PROBLEM TO WORK ON: Examine the entries and show every line in which the word "UNIV" is found.

Saved data entries

******

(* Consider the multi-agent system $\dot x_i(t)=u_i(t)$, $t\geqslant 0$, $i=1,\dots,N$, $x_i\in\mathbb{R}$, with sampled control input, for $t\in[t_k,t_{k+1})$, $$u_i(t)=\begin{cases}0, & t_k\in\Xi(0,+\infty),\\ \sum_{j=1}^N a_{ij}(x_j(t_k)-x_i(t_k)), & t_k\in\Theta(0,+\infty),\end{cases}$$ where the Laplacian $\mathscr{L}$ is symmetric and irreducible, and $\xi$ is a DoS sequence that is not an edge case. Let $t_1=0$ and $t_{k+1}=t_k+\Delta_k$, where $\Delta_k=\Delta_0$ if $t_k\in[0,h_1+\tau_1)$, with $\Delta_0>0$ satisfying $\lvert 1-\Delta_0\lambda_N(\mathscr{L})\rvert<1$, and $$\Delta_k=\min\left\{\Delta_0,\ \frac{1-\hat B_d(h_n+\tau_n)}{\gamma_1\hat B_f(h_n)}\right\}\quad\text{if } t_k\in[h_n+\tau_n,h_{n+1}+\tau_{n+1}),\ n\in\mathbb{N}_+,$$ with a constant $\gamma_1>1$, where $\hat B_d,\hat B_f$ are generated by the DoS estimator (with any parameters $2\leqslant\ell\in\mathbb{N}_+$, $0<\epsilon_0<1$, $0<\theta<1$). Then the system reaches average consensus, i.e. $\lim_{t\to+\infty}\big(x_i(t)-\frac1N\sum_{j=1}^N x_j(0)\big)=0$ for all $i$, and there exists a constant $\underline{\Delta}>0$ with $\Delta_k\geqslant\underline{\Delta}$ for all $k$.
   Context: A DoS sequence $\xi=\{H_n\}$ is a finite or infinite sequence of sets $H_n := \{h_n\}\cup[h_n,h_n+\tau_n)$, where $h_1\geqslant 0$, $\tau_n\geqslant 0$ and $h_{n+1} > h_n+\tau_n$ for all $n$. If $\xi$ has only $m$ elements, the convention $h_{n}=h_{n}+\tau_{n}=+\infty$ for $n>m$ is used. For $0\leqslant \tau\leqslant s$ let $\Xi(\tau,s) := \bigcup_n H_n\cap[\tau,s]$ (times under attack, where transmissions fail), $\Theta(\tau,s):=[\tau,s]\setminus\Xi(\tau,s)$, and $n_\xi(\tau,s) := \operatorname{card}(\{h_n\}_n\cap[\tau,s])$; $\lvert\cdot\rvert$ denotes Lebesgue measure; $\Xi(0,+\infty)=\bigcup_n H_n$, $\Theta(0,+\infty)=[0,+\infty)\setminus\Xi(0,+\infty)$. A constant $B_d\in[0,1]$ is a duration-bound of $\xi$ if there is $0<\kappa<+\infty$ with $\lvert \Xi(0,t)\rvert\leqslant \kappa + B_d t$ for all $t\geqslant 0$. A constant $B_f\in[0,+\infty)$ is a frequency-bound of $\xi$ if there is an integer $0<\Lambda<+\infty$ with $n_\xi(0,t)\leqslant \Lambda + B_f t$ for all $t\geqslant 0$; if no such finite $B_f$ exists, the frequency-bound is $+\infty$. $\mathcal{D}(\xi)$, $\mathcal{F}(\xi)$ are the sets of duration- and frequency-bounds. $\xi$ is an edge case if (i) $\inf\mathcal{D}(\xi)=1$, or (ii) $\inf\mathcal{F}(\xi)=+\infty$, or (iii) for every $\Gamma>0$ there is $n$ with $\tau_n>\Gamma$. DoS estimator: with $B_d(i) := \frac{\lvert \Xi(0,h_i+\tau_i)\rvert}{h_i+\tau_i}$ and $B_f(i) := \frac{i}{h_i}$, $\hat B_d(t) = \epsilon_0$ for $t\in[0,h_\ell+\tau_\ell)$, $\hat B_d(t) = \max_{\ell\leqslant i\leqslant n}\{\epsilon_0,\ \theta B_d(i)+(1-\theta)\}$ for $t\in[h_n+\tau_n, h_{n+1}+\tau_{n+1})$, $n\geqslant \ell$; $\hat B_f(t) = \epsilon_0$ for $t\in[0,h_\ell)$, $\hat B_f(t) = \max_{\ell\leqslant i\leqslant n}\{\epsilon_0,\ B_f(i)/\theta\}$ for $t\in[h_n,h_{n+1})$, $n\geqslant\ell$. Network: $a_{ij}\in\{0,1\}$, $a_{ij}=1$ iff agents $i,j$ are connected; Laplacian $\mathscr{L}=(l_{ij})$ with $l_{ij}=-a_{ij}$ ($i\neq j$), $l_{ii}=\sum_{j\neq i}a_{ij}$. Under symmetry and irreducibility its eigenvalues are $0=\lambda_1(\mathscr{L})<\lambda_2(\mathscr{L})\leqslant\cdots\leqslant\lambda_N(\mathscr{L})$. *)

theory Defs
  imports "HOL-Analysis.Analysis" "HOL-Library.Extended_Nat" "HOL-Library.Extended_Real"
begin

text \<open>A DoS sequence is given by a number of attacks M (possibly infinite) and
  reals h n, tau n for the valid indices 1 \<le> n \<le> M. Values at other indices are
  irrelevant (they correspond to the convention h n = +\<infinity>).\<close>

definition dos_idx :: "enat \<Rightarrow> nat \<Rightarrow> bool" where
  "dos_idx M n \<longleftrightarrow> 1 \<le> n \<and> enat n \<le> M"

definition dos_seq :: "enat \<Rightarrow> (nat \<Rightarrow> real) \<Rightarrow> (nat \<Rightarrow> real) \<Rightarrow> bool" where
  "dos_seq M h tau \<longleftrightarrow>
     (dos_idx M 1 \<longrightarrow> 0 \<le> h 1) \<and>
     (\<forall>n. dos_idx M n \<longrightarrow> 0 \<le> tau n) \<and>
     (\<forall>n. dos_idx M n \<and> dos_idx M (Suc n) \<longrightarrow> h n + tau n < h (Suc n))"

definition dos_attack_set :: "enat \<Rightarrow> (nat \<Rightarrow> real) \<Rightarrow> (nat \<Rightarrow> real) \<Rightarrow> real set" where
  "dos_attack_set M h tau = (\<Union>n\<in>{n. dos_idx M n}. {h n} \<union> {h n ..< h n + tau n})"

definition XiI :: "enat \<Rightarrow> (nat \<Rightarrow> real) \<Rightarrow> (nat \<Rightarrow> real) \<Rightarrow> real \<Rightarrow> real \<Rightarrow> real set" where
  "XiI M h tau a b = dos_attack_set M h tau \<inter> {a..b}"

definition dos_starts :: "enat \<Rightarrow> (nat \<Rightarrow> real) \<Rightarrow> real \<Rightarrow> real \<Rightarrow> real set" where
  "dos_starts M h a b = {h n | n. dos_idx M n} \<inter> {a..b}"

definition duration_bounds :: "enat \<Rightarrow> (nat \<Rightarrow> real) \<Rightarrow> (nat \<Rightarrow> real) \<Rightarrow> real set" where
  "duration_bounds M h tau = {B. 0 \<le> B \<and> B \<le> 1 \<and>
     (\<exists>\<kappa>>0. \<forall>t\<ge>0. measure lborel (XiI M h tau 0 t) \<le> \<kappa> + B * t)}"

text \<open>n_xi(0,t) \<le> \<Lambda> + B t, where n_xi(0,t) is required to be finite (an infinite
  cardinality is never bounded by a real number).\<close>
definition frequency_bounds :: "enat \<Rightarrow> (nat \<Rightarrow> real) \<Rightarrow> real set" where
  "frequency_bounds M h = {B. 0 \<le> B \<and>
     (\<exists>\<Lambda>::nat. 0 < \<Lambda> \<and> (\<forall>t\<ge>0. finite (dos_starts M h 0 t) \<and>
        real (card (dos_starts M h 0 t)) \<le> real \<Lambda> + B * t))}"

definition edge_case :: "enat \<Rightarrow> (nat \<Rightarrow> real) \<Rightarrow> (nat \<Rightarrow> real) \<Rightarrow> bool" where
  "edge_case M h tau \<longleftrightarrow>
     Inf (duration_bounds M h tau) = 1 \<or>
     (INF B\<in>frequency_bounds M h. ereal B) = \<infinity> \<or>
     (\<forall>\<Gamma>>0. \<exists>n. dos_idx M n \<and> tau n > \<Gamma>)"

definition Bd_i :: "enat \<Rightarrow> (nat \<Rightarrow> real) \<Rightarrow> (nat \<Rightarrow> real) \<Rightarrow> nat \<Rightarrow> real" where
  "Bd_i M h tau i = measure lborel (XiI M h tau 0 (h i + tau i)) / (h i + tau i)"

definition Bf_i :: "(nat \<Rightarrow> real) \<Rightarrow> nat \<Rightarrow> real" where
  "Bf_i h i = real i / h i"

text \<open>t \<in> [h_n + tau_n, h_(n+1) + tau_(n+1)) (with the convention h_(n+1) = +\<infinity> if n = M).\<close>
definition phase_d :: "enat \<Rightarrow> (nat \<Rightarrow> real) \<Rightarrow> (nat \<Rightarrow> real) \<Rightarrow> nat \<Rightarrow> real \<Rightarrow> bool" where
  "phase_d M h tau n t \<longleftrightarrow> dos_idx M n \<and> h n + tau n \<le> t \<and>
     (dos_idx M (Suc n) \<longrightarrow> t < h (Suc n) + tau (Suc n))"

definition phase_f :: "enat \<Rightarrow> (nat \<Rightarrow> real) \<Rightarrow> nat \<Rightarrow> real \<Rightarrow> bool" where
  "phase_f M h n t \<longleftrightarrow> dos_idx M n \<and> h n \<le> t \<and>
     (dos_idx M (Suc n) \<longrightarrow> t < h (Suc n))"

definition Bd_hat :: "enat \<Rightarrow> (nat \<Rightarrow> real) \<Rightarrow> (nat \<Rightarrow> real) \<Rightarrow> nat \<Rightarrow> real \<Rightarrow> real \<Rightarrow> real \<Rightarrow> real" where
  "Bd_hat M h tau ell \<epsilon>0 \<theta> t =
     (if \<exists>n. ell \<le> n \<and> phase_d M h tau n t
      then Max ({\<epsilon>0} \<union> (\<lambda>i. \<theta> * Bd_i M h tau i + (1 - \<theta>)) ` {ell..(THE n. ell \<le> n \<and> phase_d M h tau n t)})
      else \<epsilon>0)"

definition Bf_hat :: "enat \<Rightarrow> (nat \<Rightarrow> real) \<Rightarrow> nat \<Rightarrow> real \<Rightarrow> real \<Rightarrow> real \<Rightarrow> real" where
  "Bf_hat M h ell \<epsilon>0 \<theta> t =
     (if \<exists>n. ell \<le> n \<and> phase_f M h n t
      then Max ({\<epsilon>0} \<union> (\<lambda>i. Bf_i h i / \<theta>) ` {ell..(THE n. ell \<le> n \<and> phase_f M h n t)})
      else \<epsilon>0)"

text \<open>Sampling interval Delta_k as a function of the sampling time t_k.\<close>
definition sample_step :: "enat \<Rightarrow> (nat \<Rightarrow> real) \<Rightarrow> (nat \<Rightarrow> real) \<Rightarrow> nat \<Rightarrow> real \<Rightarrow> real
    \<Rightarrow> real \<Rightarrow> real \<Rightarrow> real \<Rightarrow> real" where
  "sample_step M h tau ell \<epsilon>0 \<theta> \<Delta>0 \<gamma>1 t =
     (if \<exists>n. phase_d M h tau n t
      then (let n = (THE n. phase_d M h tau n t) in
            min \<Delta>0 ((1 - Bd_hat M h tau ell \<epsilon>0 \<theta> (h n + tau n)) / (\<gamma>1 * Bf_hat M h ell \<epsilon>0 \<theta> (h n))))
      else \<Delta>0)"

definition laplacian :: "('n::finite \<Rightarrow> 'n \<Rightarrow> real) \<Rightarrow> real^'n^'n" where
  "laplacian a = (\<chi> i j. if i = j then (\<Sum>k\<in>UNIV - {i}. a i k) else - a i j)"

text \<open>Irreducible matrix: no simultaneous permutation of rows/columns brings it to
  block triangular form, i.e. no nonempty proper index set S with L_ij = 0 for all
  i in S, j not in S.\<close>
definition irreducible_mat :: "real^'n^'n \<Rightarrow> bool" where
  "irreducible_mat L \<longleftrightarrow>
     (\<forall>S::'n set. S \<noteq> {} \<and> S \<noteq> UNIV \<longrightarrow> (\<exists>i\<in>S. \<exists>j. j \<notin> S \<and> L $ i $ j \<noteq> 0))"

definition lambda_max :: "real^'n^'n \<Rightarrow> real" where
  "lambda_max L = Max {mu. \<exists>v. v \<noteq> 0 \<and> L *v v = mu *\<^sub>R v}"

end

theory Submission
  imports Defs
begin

******

RESULT BELOW:
  "laplacian a = (\<chi> i j. if i = j then (\<Sum>k\<in>UNIV - {i}. a i k) else - a i j)"
     (\<forall>S::'n set. S \<noteq> {} \<and> S \<noteq> UNIV \<longrightarrow> (\<exists>i\<in>S. \<exists>j. j \<notin> S \<and> L $ i $ j \<noteq> 0))"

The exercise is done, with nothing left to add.